Still, a diversion was a diversion. He flipped on a single desk lamp and settled back, book in hand, only to feel a ripple of uneasiness. Mist drifted past the window as he rubbed the knotted muscles at his neck and told himself there was no reason for wariness. The abbey’s security system was running perfectly, and no alarms had been triggered This tickle between his shoulder blades had to be pure imagination.

Shaking his head, Jared plowed into the story. After three pages, his vision darkened and the book fell forgotten at his feet. He plummeted into the cold tunnels of sleep, his heart pounding, gripped by a pain that felt as old as the unsmiling Draycott ancestor in the portrait that hung above his bed.

His fists clenched.

A dream, Jared told himself. Nothing more.

Just another bloody incomprehensible dream…

~ ~ ~

Moonlight.

Cold wind on a lonely cliff. Rain that slammed over rutted roads while danger hung like a silent, twisting noose.

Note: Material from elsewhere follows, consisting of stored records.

lemma borel_measurable_vector_smult_left [measurable (raw)]:
  fixes g :: "'a \<Rightarrow> complex" and c :: "complex ^ 'n"
  assumes "g \<in> borel_measurable M"
  shows "(\<lambda>x. g x *s c) \<in> borel_measurable M"
  using borel_measurable_continuous_on[OF linear_continuous_on[OF bounded_linear_vector_smult_left] assms]
  by blast

lemma borel_measurable_vec_nth_comp [measurable (raw)]:
  fixes f :: "'a \<Rightarrow> 'b::real_normed_vector ^ 'n"
  assumes "f \<in> borel_measurable M"
  shows "(\<lambda>x. f x $ i) \<in> borel_measurable M"
  using borel_measurable_continuous_on[OF linear_continuous_on[OF bounded_linear_vec_nth] assms]
  by blast

lemma norm_vector_smult: "norm (t *s (c :: 'a::real_normed_field ^ 'n)) = norm t * norm c"
  by (simp add: norm_vec_def norm_mult L2_set_right_distrib)

lemma has_integral_vector_smult_left:
  fixes f :: "real \<Rightarrow> complex"
  shows "(f has_integral y) S \<Longrightarrow> ((\<lambda>x. f x *s c) has_integral y *s c) S"
  using has_integral_linear[OF _ bounded_linear_vector_smult_left] by (simp add: o_def)

lemma integrable_norm_square_if_bounded:
  fixes f :: "'a \<Rightarrow> 'b::{banach, second_countable_topology}"
  assumes f: "integrable M f" and bound: "\<And>x. norm (f x) \<le> C"
  shows "integrable M (\<lambda>x. (norm (f x))^2)"
proof (rule Bochner_Integration.integrable_bound)
  show "integrable M (\<lambda>x. C * norm (f x))"
    using f by auto
  show "(\<lambda>x. (norm (f x))\<^sup>2) \<in> borel_measurable M"
    using f by measurable
  show "AE x in M. norm ((norm (f x))\<^sup>2) \<le> norm (C * norm (f x))"
  proof (intro AE_I2)
    fix x
    have "0 \<le> C" using bound[of x] norm_ge_zero order_trans by blast
    then show "norm ((norm (f x))\<^sup>2) \<le> norm (C * norm (f x))"
      using bound[of x] by (simp add: power2_eq_square abs_mult mult_right_mono)
  qed
qed

lemma integrable_of_real_mult_bounded:
  fixes w :: "real \<Rightarrow> real" and g :: "real \<Rightarrow> complex"
  assumes w: "integrable lborel w" and g: "g \<in> borel_measurable lborel" and bound: "\<And>x. cmod (g x) \<le> C"
  shows "integrable lborel (\<lambda>x. complex_of_real (w x) * g x)"
proof (rule Bochner_Integration.integrable_bound[where f="\<lambda>x. C * w x"])
  show "integrable lborel (\<lambda>x. C * w x)" using w by simp
  show "(\<lambda>x. complex_of_real (w x) * g x) \<in> borel_measurable lborel"
    using borel_measurable_integrable[OF w] g by measurable
  have "\<bar>w x\<bar> * cmod (g x) \<le> \<bar>C * w x\<bar>" for x
  proof -
    have "\<bar>w x\<bar> * cmod (g x) \<le> \<bar>w x\<bar> * C" using bound[of x] by (rule mult_left_mono) simp
    also have "\<dots> \<le> \<bar>C * w x\<bar>" by (simp add: abs_mult mult.commute mult_right_mono)
    finally show ?thesis .
  qed
  then show "AE x in lborel. norm (complex_of_real (w x) * g x) \<le> norm (C * w x)"
    by (simp add: norm_mult)
qed

lemma L2_add:
  assumes f: "L2 f" and g: "L2 g"
  shows "L2 (\<lambda>x. f x + g x)"
  unfolding L2_def
proof
  note [measurable] = f[unfolded L2_def, THEN conjunct1] g[unfolded L2_def, THEN conjunct1]
  show "(\<lambda>x. f x + g x) \<in> borel_measurable lborel" by measurable
  show "integrable lborel (\<lambda>x. (norm (f x + g x))^2)"
  proof (rule Bochner_Integration.integrable_bound)
    show "integrable lborel (\<lambda>x. 2 * (norm (f x))^2 + 2 * (norm (g x))^2)"
      using f g unfolding L2_def by simp
    show "(\<lambda>x. (norm (f x + g x))^2) \<in> borel_measurable lborel" by measurable
    have "(norm (f x + g x))^2 \<le> 2 * (norm (f x))^2 + 2 * (norm (g x))^2" for x
    proof -
      have "(norm (f x + g x))^2 \<le> (norm (f x) + norm (g x))^2"
        by (intro power_mono norm_triangle_ineq) simp
      also have "\<dots> \<le> 2 * (norm (f x))^2 + 2 * (norm (g x))^2"
        using sum_squares_bound[of "norm (f x)" "norm (g x)"] by (simp add: power2_eq_square algebra_simps)
      finally show ?thesis .
    qed
    then show "AE x in lborel. norm ((norm (f x + g x))^2) \<le> norm (2 * (norm (f x))^2 + 2 * (norm (g x))^2)"
      by (intro AE_I2) simp
  qed
qed

lemma L2_minus: "L2 f \<Longrightarrow> L2 (\<lambda>x. - f x)"
  by (simp add: L2_def)

lemma L2_diff: "L2 f \<Longrightarrow> L2 g \<Longrightarrow> L2 (\<lambda>x. f x - g x)"
  using L2_add[OF _ L2_minus] by fastforce

lemma L2_mult_left:
  fixes f :: "real \<Rightarrow> 'a::{real_normed_field, banach, second_countable_topology}"
  shows "L2 f \<Longrightarrow> L2 (\<lambda>x. c * f x)"
  by (simp add: L2_def norm_mult power_mult_distrib borel_measurable_times)

lemma L2_vector_smult:
  fixes f :: "real \<Rightarrow> complex"
  shows "L2 f \<Longrightarrow> L2 (\<lambda>x. f x *s c)"
  by (simp add: L2_def norm_vector_smult power_mult_distrib borel_measurable_vector_smult_left)

lemma L2_of_real:
  fixes f :: "real \<Rightarrow> real"
  shows "f \<in> borel_measurable lborel \<Longrightarrow> integrable lborel (\<lambda>x. (f x)^2) \<Longrightarrow> L2 (\<lambda>x. complex_of_real (f x))"
  by (simp add: L2_def)

lemma is_weak_deriv_diff:
  "is_weak_deriv f f' \<Longrightarrow> is_weak_deriv g g' \<Longrightarrow> is_weak_deriv (\<lambda>x. f x - g x) (\<lambda>x. f' x - g' x)"
  unfolding is_weak_deriv_def by (auto intro!: has_integral_diff[THEN has_integral_eq_rhs])

lemma square_integrable_linear_combination:
  fixes u :: "real \<Rightarrow> complex ^ 2"
  assumes "L2 u"
  shows "integrable lborel (\<lambda>x. (cmod (\<alpha> * u x $ 1 + \<beta> * u x $ 2))^2)"
proof (rule Bochner_Integration.integrable_bound)
  note [measurable] = assms[unfolded L2_def, THEN conjunct1]
  show "integrable lborel (\<lambda>x. (cmod \<alpha> + cmod \<beta>)^2 * (norm (u x))^2)"
    using assms unfolding L2_def by simp
  show "(\<lambda>x. (cmod (\<alpha> * u x $ 1 + \<beta> * u x $ 2))^2) \<in> borel_measurable lborel"
    by measurable
  have "cmod (\<alpha> * u x $ 1 + \<beta> * u x $ 2) \<le> (cmod \<alpha> + cmod \<beta>) * norm (u x)" for x
  proof -
    have "cmod (\<alpha> * u x $ 1 + \<beta> * u x $ 2) \<le> cmod \<alpha> * cmod (u x $ 1) + cmod \<beta> * cmod (u x $ 2)"
      by (rule order_trans[OF norm_triangle_ineq]) (simp add: norm_mult)
    also have "\<dots> \<le> cmod \<alpha> * norm (u x) + cmod \<beta> * norm (u x)"
      by (intro add_mono mult_left_mono) (auto simp: Finite_Cartesian_Product.norm_nth_le)
    finally show ?thesis by (simp add: algebra_simps)
  qed
  then show "AE x in lborel. norm ((cmod (\<alpha> * u x $ 1 + \<beta> * u x $ 2))^2) \<le> norm ((cmod \<alpha> + cmod \<beta>)^2 * (norm (u x))^2)"
    by (intro AE_I2) (simp add: power_mult_distrib[symmetric] power_mono)
qed
lemma tail_bounds_first_octant:
  assumes "0 < \<eta>" "\<eta> \<le> pi / 4" "8 \<le> m"
  shows "rr \<eta> ^ m * (1 + cc \<eta> * rr \<eta>) \<le> 1"
    and "\<eta> < \<alpha> \<Longrightarrow> \<alpha> \<le> 2 * \<eta> \<Longrightarrow> cc \<eta> * rr \<eta> ^ (m + 1) * sin \<eta> + rr \<eta> * sin (\<alpha> - \<eta>) \<le> sin \<alpha>"
proof -
  define r c where "r = rr \<eta>" and "c = cc \<eta>"
  note rb = rr_bounds_first_octant[OF assms(1,2), folded r_def]
  have "0 < cos \<eta>"
    using rb by linarith
  have "r ^ 4 \<le> (1 / 2) ^ 2" "r ^ m \<le> (1 / 2) ^ 4"
    using rb assms(3) by (intro power_le_half_power; simp)+
  then have r4: "r ^ 4 \<le> 1 / 4" and rm: "r ^ m \<le> 1 / 16"
    by (simp_all add: power_divide)
  then have c: "1 \<le> c" "c \<le> 4 / 3"
    using rb(1) unfolding c_def r_def cc_eq[OF \<open>0 < cos \<eta>\<close>] by (simp_all add: field_simps)
  have "c * r \<le> 4 / 3"
    using c rb mult_left_le[of r c] by linarith
  then have "r ^ m * (1 + c * r) \<le> (1 / 16) * (1 + 4 / 3)"
    using rm rb c by (intro mult_mono add_left_mono) auto
  then show "rr \<eta> ^ m * (1 + cc \<eta> * rr \<eta>) \<le> 1"
    unfolding r_def c_def by simp
  assume \<alpha>: "\<eta> < \<alpha>" "\<alpha> \<le> 2 * \<eta>"
  have "c * r ^ m \<le> (4 / 3) * (1 / 16)"
    using c rm rb(1) by (intro mult_mono) auto
  then have "c * r ^ (m + 1) \<le> r"
    using rb(1) mult_right_mono[of "c * r ^ m" 1 r] by (simp add: algebra_simps)
  moreover have "cos \<eta> \<le> cos (\<alpha> - \<eta>)"
    using \<alpha> assms by (intro cos_monotone_0_pi_le) auto
  moreover have "0 \<le> sin \<eta>" "0 \<le> sin (\<alpha> - \<eta>)"
    using \<alpha> assms by (auto intro!: sin_ge_zero)
  ultimately have "c * r ^ (m + 1) * sin \<eta> + r * sin (\<alpha> - \<eta>) \<le> cos (\<alpha> - \<eta>) * sin \<eta> + cos \<eta> * sin (\<alpha> - \<eta>)"
    using rb(3) by (intro add_mono mult_right_mono) auto
  also have "\<dots> = sin \<alpha>"
    using sin_add[of "\<alpha> - \<eta>" \<eta>] by (simp add: algebra_simps)
  finally show "cc \<eta> * rr \<eta> ^ (m + 1) * sin \<eta> + rr \<eta> * sin (\<alpha> - \<eta>) \<le> sin \<alpha>"
    unfolding r_def c_def .
qed

lemma rr_cc_bounds_k4:
  assumes "cos \<eta> > 0" "rr \<eta> ^ 4 < 1 / 2"
  shows "0 < rr \<eta>" "rr \<eta> < 841 / 1000" "cc \<eta> * rr \<eta> ^ 7 \<le> 595 / 1000"
    and "rr \<eta> ^ 6 * (1 + cc \<eta> * rr \<eta>) \<le> 1"
proof -
  define r c where "r = rr \<eta>" and "c = cc \<eta>"
  show "0 < rr \<eta>"
    using assms(1) by (simp add: rr_def)
  then have "0 < r"
    by (simp add: r_def)
  show "rr \<eta> < 841 / 1000"
  proof (rule ccontr)
    assume "\<not> rr \<eta> < 841 / 1000"
    then have "(841 / 1000) ^ 4 \<le> rr \<eta> ^ 4"
      by (intro power_mono) auto
    moreover have "1 / 2 < (841 / 1000 :: real) ^ 4"
      by (simp add: power_divide)
    ultimately show False
      using assms(2) by linarith
  qed
  then have "r ^ 2 \<le> (841 / 1000) ^ 2" "r ^ 3 \<le> (841 / 1000) ^ 3"
    using \<open>0 < r\<close> unfolding r_def by (intro power_mono; simp)+
  then have r2: "r ^ 2 \<le> 7073 / 10000" and r3: "r ^ 3 \<le> 595 / 1000"
    by (simp_all add: power_divide)
  have "c * r ^ 4 \<le> 1"
    using assms(2) \<open>0 < r\<close> unfolding c_def r_def cc_eq[OF assms(1)] by (simp add: field_simps)
  then have "c * r ^ 7 \<le> 595 / 1000"
    using mult_right_mono[of "c * r ^ 4" 1 "r ^ 3"] \<open>0 < r\<close> r3 by (simp add: power_add[symmetric] mult.assoc)
  then show "cc \<eta> * rr \<eta> ^ 7 \<le> 595 / 1000"
    by (simp add: r_def c_def)
  have "r ^ 4 * r ^ 2 \<le> (1 / 2) * (7073 / 10000)"
    using assms(2) r2 \<open>0 < r\<close> unfolding r_def by (intro mult_mono) auto
  then show "rr \<eta> ^ 6 * (1 + cc \<eta> * rr \<eta>) \<le> 1"
    using \<open>c * r ^ 7 \<le> 595 / 1000\<close> unfolding r_def c_def by (simp add: algebra_simps flip: power_Suc)
qed

lemma sin_mult_sin_le:
  assumes "pi / 4 \<le> \<eta>" "7 * \<eta> \<le> 2 * pi"
  shows "sin (2 * pi - 7 * \<eta>) * sin (2 * \<eta> - pi / 2) \<le> 441 / 10000"
proof -
  define g t where "g = 2 * pi - 7 * \<eta>" and "t = 2 * \<eta> - pi / 2"
  have "0 \<le> g" "0 \<le> t" "t \<le> pi"
    using assms pi_gt_zero unfolding g_def t_def by auto
  then have "sin g * sin t \<le> g * t"
    by (intro mult_mono sin_x_le_x sin_ge_zero) auto
  also have "g * t = pi ^ 2 / 224 - 14 * (\<eta> - pi / 4 - pi / 56) ^ 2"
    unfolding g_def t_def by (simp add: power2_eq_square algebra_simps)
  also have "\<dots> \<le> pi ^ 2 / 224"
    by simp
  also have "\<dots> \<le> 441 / 10000"
    using power_mono[OF pi_approx(2), of 2] by (simp add: power_divide)
  finally show ?thesis
    unfolding g_def t_def .
qed

lemma cos_minus_rr: "cos \<eta> \<noteq> 0 \<Longrightarrow> cos \<eta> - rr \<eta> = rr \<eta> * cos (2 * \<eta>)"
  unfolding cos_double_cos rr_def by (simp add: field_simps power2_eq_square)

lemma tail_bound_k4:
  assumes "pi / 4 \<le> \<eta>" "\<eta> < 2 * pi - 6 * \<eta>" "rr \<eta> ^ 4 < 1 / 2"
  shows "cc \<eta> * rr \<eta> ^ 7 * sin \<eta> + rr \<eta> * sin (2 * pi - 6 * \<eta> - \<eta>) \<le> sin (2 * pi - 6 * \<eta>)"
proof -
  define r c g t where "r = rr \<eta>" and "c = cc \<eta>" and "g = 2 * pi - 7 * \<eta>" and "t = 2 * \<eta> - pi / 2"
  have g: "0 < g" "g \<le> pi / 4" and t: "0 \<le> t" "t \<le> pi"
    using assms pi_gt_zero unfolding g_def t_def by auto
  have "0 < cos \<eta>"
    using assms pi_gt_zero by (intro cos_gt_zero_pi) linarith+
  note rc = rr_cc_bounds_k4[OF this assms(3), folded r_def c_def]
  \<comment> \<open>The difference of the two sides is \<open>sin g (cos \<eta> - r) + sin \<eta> (cos g - c r\<^sup>7)\<close>,
    whose first summand is negative but small.\<close>
  have "sin g * (cos \<eta> - r) = - (r * (sin g * sin t))"
    using cos_minus_rr[of \<eta>] \<open>0 < cos \<eta>\<close> unfolding r_def t_def by (simp add: sin_diff)
  moreover have "r * (sin g * sin t) \<le> 441 / 10000"
  proof -
    have "r * (sin g * sin t) \<le> sin g * sin t"
      using rc(1,2) g t by (intro mult_left_le_one_le mult_nonneg_nonneg sin_ge_zero) auto
    also have "\<dots> \<le> 441 / 10000"
      using sin_mult_sin_le[of \<eta>] assms unfolding g_def t_def by simp
    finally show ?thesis .
  qed
  moreover have "147 / 2000 \<le> sin \<eta> * (cos g - c * r ^ 7)"
  proof -
    have "sqrt 2 / 2 \<le> sin \<eta>" "sqrt 2 / 2 \<le> cos g"
      using assms g sin_monotone_2pi_le[of "pi / 4" \<eta>] cos_monotone_0_pi_le[of g "pi / 4"]
      by (auto simp: sin_45 cos_45)
    moreover have "7 / 5 \<le> sqrt 2"
      by (rule real_le_rsqrt) (simp add: power2_eq_square)
    ultimately have "7 / 10 \<le> sin \<eta>" "7 / 10 - 595 / 1000 \<le> cos g - c * r ^ 7"
      using rc(3) by linarith+
    then have "(7 / 10) * (7 / 10 - 595 / 1000) \<le> sin \<eta> * (cos g - c * r ^ 7)"
      by (intro mult_mono) auto
    then show ?thesis
      by simp
  qed
  moreover have "sin (2 * pi - 6 * \<eta>) - (c * r ^ 7 * sin \<eta> + r * sin (2 * pi - 6 * \<eta> - \<eta>))
      = sin g * (cos \<eta> - r) + sin \<eta> * (cos g - c * r ^ 7)"
    using sin_add[of g \<eta>] unfolding g_def by (simp add: algebra_simps)
  ultimately show ?thesis
    unfolding r_def c_def by linarith
qed

lemma tail_angle_bounds:
  assumes "2 \<le> k" "pi / real k \<le> \<eta>" "\<eta> < pi / (real k - 1)"
  shows "0 < 2 * pi - (2 * real k - 2) * \<eta>" "2 * pi - (2 * real k - 2) * \<eta> \<le> 2 * \<eta>"
proof -
  have k: "2 \<le> real k"
    using assms(1) by simp
  have "(2 * real k - 2) * \<eta> < (2 * real k - 2) * (pi / (real k - 1))"
    using assms(3) k by (intro mult_strict_left_mono) auto
  also have "\<dots> = 2 * pi"
    using k by (simp add: field_simps)
  finally show "0 < 2 * pi - (2 * real k - 2) * \<eta>"
    by simp
  have "pi \<le> real k * \<eta>"
    using assms(2) k by (simp add: field_simps)
  then show "2 * pi - (2 * real k - 2) * \<eta> \<le> 2 * \<eta>"
    by (simp add: algebra_simps)
qed

lemma tail_bounds:
  assumes "4 \<le> k" "pi / real k \<le> \<eta>" "\<eta> < eta_k k"
  defines "\<alpha> \<equiv> 2 * pi - (2 * real k - 2) * \<eta>"
  shows "0 < \<eta>" "\<eta> < pi / 2" "rr \<eta> < 1" "0 < \<alpha>" "\<alpha> \<le> 2 * \<eta>"
    and "rr \<eta> ^ (2 * k - 2) * (1 + cc \<eta> * rr \<eta>) \<le> 1"
    and "\<eta> < \<alpha> \<Longrightarrow> cc \<eta> * rr \<eta> ^ (2 * k - 1) * sin \<eta> + rr \<eta> * sin (\<alpha> - \<eta>) \<le> sin \<alpha>"
proof -
  have "\<eta> < pi / (real k - 1)"
    using assms eta_k_bounds(2)[OF assms(1)] by linarith
  then show "0 < \<alpha>" and \<alpha>: "\<alpha> \<le> 2 * \<eta>"
    using tail_angle_bounds[of k \<eta>] assms unfolding \<alpha>_def by auto
  have "0 < pi / real k"
    using assms(1) by simp
  then show "0 < \<eta>"
    using assms(2) by linarith
  have "\<eta> < pi / 3 \<and> rr \<eta> < 1 \<and> rr \<eta> ^ (2 * k - 2) * (1 + cc \<eta> * rr \<eta>) \<le> 1 \<and>
    (\<eta> < \<alpha> \<longrightarrow> cc \<eta> * rr \<eta> ^ (2 * k - 1) * sin \<eta> + rr \<eta> * sin (\<alpha> - \<eta>) \<le> sin \<alpha>)"
  proof (cases "k = 4")
    case True
    then have "pi / 4 \<le> \<eta>" "\<eta> < pi / 3" "rr \<eta> ^ 4 < 1 / 2"
      using assms eta_k_bounds(2)[of 4] rr_pow4_lt_half by auto
    moreover have "0 < cos \<eta>"
      using \<open>0 < \<eta>\<close> \<open>\<eta> < pi / 3\<close> by (intro cos_gt_zero_pi) auto
    moreover have "\<alpha> = 2 * pi - 6 * \<eta>" "2 * k - 2 = 6" "2 * k - 1 = 7"
      using True unfolding \<alpha>_def by auto
    ultimately show ?thesis
      using rr_cc_bounds_k4[of \<eta>] tail_bound_k4[of \<eta>] by auto
  next
    case False
    then have "5 \<le> k"
      using assms(1) by simp
    then have "\<eta> \<le> pi / 4"
      using first_octant_interval(3)[of k] \<open>\<eta> < pi / (real k - 1)\<close> by linarith
    moreover have "\<eta> < pi / 3"
      using \<open>\<eta> \<le> pi / 4\<close> pi_gt_zero by linarith
    moreover have "8 \<le> 2 * k - 2" "2 * k - 2 + 1 = 2 * k - 1"
      using \<open>5 \<le> k\<close> by auto
    ultimately show ?thesis
      using tail_bounds_first_octant[OF \<open>0 < \<eta>\<close> \<open>\<eta> \<le> pi / 4\<close>, of "2 * k - 2"]
        rr_bounds_first_octant(6)[OF \<open>0 < \<eta>\<close> \<open>\<eta> \<le> pi / 4\<close>] \<alpha>
      by auto
  qed
  then show "\<eta> < pi / 2" "rr \<eta> < 1" "rr \<eta> ^ (2 * k - 2) * (1 + cc \<eta> * rr \<eta>) \<le> 1"
    "\<eta> < \<alpha> \<Longrightarrow> cc \<eta> * rr \<eta> ^ (2 * k - 1) * sin \<eta> + rr \<eta> * sin (\<alpha> - \<eta>) \<le> sin \<alpha>"
    using \<open>0 < \<eta>\<close> by auto
qed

He had until dawn to find her. After that she would be lost to him—and to everyone else who loved her.

He ran through trees, feeling the slap of cold boughs against his face and chest. Panting, half lost, he was. Half blind. Completely sick at the certainty of her loss.

He should have sensed her desperate plan at once. When she ‘d come to his bed, he should have known it was a ploy. Tying her to the great oak posts would have kept her from her reckless plan.

A plan meant to save him.

His dirk dug into his hip, and somewhere in the darkness came the stamp of feet. A musket discharged with sullen fury.

His hand clenched at the woman’s cry, off to the north.

The woman he had vowed to cherish and protect.

His fault.

All his fault.

Desperate to find her, he ran through the skeletal trees, heedless of safety or sense, falling straight into the trap that they had laid for him…

~ ~ ~

Jared awoke to a silent house and pain drumming in his head. No horses stamped in the courtyard. No screams filled the chill hour before dawn.

With a curse, he fought away the ragged edges of sleep. Was it the cry of a bird that had woken him or the mist that whispered against the window? Or was it simply his unconscious awareness of the woman who slept only a few rooms away?

Outside the moon hung in fragments, caught between the arms of skeletal trees.

Another bloody dream, Jared told himself. Exactly like the ones that had begun in that cramped box dug into the jungle slope.

He was scanning two files that Nicholas had left for him when a beeper sounded on his laptop. He frowned as a message flickered onto the screen. He began to type his reply, only to catch a hint of something moving down on the lawn near the moat.

Make that someone
, he thought grimly, seeing the glint of pale clothing. The hour was far too early for lost hikers or innocent tourists, and hard experience had taught Jared to be suspicious. Quickly, he pulled on worn jeans and soft-soled shoes. He half expected to hear the distant chime of church bells while the notorious abbey ghost shimmered into view beside the gatehouse, all rustling lace and hideous laughter. At least that was what a dozen tourists swore they had seen.

Jared didn’t believe a word of the stories. But at the window he froze.

A woman stood by the moat, dressed all in white.

A muscle tightened at Jared’s neck. It was Maggie.

Why was she outside near the woods at the dead of night? And why was she wearing what appeared to be a nightgown?

There was an odd, dreamy quality to her movements that made him frown.